== Problem statement ==
Return, exactly and in full, the lines of the records below starting at the one with "by (simp add: diff_coords_def vec_eq_iff)" and ending at the one with "by (simp add: vec_eq_iff", and no other lines.

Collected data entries

○ ○ ○ ○ ○ ○ ○

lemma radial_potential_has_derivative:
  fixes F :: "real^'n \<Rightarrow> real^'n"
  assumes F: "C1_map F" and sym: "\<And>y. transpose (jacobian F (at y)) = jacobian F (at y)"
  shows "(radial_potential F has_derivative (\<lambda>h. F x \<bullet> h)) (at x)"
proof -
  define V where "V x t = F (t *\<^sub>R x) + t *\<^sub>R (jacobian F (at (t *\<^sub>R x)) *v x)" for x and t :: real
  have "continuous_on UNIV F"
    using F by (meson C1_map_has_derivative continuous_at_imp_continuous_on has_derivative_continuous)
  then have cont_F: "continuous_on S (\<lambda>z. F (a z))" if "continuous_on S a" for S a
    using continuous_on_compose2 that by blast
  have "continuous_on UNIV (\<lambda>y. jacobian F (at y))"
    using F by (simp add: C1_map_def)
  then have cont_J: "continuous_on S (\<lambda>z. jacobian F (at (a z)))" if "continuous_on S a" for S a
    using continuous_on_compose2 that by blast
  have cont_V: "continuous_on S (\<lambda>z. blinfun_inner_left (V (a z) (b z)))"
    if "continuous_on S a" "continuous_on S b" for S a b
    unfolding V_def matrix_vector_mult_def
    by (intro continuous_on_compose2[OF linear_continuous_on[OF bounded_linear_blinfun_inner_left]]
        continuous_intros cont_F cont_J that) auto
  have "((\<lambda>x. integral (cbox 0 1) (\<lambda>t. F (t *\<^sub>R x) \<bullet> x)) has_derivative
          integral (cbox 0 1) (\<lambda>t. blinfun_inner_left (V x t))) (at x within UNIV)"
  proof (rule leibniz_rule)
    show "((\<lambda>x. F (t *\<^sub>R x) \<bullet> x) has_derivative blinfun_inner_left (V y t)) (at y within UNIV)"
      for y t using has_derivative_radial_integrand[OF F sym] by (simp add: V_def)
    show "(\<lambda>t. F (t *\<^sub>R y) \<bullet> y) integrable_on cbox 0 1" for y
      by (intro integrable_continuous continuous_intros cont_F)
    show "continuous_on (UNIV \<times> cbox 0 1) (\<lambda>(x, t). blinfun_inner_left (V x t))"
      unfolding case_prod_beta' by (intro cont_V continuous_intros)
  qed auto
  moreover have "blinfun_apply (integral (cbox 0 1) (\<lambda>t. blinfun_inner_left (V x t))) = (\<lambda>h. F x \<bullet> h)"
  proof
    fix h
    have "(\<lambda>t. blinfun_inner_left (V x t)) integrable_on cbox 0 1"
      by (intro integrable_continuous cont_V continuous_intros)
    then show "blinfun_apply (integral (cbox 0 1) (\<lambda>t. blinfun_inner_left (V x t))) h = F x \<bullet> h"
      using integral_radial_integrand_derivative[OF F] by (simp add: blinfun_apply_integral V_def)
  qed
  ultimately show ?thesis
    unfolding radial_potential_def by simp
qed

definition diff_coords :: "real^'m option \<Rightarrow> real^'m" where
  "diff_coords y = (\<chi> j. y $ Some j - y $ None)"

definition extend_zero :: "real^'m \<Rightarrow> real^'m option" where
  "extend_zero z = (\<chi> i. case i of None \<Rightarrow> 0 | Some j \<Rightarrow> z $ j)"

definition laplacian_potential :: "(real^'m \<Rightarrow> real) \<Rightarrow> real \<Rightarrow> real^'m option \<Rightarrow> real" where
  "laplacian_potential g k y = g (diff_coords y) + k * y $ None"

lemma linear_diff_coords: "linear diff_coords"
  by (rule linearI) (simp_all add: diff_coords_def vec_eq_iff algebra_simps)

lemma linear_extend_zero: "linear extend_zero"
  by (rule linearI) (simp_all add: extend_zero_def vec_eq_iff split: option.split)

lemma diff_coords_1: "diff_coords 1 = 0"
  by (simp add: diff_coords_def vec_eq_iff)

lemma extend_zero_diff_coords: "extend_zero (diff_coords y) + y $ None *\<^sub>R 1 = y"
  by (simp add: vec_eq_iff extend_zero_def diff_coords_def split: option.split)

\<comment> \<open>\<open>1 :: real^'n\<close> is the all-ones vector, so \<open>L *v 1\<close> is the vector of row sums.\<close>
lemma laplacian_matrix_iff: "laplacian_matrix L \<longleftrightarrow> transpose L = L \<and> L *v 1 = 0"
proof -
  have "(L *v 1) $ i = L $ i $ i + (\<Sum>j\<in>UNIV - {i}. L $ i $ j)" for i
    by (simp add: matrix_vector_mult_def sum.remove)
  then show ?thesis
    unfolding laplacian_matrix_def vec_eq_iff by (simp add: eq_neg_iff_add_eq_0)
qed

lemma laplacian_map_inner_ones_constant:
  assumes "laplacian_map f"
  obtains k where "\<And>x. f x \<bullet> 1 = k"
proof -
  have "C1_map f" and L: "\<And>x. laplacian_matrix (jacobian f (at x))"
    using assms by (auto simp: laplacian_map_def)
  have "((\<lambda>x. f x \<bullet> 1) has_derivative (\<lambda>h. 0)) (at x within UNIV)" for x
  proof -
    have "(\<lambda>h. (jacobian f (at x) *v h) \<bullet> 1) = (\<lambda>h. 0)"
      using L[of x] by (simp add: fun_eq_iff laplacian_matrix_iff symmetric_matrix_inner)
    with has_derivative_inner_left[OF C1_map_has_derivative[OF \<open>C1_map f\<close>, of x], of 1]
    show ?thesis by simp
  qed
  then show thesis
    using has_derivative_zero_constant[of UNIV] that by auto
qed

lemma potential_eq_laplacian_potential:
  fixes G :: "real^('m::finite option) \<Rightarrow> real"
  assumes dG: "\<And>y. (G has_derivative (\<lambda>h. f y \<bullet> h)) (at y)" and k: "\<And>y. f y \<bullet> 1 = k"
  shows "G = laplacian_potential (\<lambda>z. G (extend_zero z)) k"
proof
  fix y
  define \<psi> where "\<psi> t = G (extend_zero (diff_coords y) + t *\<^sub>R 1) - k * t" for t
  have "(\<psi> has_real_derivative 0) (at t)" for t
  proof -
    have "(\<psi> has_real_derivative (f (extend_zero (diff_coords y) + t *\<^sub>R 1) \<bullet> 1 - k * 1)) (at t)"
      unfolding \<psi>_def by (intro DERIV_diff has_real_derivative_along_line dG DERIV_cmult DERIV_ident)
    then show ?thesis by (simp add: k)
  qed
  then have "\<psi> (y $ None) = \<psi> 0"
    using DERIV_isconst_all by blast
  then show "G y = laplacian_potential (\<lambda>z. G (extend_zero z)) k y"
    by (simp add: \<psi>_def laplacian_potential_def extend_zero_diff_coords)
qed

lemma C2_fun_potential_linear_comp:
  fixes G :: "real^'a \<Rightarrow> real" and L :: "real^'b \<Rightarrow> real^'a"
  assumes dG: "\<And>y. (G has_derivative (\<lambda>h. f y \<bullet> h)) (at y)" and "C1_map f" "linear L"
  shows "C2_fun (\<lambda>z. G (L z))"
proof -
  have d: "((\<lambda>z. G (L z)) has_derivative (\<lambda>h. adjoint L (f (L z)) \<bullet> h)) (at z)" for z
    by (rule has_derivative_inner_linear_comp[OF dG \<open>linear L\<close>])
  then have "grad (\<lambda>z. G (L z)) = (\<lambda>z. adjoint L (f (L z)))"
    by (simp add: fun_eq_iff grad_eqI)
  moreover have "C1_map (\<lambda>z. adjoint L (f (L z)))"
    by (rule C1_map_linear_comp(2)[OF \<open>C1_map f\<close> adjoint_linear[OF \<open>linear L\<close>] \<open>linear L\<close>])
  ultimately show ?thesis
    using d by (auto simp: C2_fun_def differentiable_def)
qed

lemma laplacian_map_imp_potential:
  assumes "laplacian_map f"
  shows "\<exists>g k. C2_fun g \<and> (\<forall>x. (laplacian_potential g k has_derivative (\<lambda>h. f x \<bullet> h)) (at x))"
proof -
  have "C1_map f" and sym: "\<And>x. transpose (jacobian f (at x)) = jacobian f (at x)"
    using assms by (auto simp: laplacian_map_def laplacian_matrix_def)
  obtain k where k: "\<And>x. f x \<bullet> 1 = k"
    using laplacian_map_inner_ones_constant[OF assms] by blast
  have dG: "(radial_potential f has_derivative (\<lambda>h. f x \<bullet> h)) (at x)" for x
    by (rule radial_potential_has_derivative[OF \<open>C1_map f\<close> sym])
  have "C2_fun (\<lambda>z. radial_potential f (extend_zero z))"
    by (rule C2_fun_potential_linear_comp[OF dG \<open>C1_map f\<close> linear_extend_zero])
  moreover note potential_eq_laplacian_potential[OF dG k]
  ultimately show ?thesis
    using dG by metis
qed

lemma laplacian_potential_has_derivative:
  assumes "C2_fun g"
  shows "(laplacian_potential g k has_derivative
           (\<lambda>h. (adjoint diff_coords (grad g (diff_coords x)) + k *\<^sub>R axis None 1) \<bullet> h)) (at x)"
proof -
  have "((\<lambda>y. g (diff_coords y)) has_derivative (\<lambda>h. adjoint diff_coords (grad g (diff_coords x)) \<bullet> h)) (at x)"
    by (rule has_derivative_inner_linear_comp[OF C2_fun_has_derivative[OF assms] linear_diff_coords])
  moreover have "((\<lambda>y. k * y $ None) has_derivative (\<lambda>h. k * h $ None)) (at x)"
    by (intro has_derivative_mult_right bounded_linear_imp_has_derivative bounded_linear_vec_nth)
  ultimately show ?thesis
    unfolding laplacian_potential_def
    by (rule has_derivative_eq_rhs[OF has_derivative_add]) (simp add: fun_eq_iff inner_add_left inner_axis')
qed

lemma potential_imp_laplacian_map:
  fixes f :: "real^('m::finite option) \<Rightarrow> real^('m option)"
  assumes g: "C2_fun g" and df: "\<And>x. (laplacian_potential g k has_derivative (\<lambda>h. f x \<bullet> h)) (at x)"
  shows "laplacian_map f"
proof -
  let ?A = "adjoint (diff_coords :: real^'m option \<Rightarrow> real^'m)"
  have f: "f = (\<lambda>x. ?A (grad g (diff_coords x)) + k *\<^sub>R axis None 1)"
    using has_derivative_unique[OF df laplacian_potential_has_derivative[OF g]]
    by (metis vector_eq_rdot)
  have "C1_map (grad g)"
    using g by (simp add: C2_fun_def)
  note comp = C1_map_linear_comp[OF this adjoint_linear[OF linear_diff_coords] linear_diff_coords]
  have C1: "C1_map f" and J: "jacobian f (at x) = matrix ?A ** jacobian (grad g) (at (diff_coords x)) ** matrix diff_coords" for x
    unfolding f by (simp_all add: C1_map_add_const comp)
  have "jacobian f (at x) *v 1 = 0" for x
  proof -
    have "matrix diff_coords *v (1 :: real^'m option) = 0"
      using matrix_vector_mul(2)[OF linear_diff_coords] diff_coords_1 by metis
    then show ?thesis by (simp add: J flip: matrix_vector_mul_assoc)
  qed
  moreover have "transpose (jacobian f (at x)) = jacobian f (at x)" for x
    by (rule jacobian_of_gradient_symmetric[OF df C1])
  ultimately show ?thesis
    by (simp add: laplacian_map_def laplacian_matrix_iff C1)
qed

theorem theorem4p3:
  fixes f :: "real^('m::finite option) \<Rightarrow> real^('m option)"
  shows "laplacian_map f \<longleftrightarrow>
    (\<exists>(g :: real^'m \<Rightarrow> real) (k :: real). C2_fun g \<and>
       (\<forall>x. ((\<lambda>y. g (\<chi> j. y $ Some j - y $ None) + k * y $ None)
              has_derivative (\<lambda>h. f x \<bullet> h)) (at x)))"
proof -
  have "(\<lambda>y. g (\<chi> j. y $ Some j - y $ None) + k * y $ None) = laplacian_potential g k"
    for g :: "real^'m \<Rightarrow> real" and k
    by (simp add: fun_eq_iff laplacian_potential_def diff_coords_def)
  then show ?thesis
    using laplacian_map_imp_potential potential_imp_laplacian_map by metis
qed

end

○ ○ ○ ○ ○ ○ ○

== Expected answer ==
  by (simp add: diff_coords_def vec_eq_iff)

lemma extend_zero_diff_coords: "extend_zero (diff_coords y) + y $ None *\<^sub>R 1 = y"
  by (simp add: vec_eq_iff extend_zero_def diff_coords_def split: option.split)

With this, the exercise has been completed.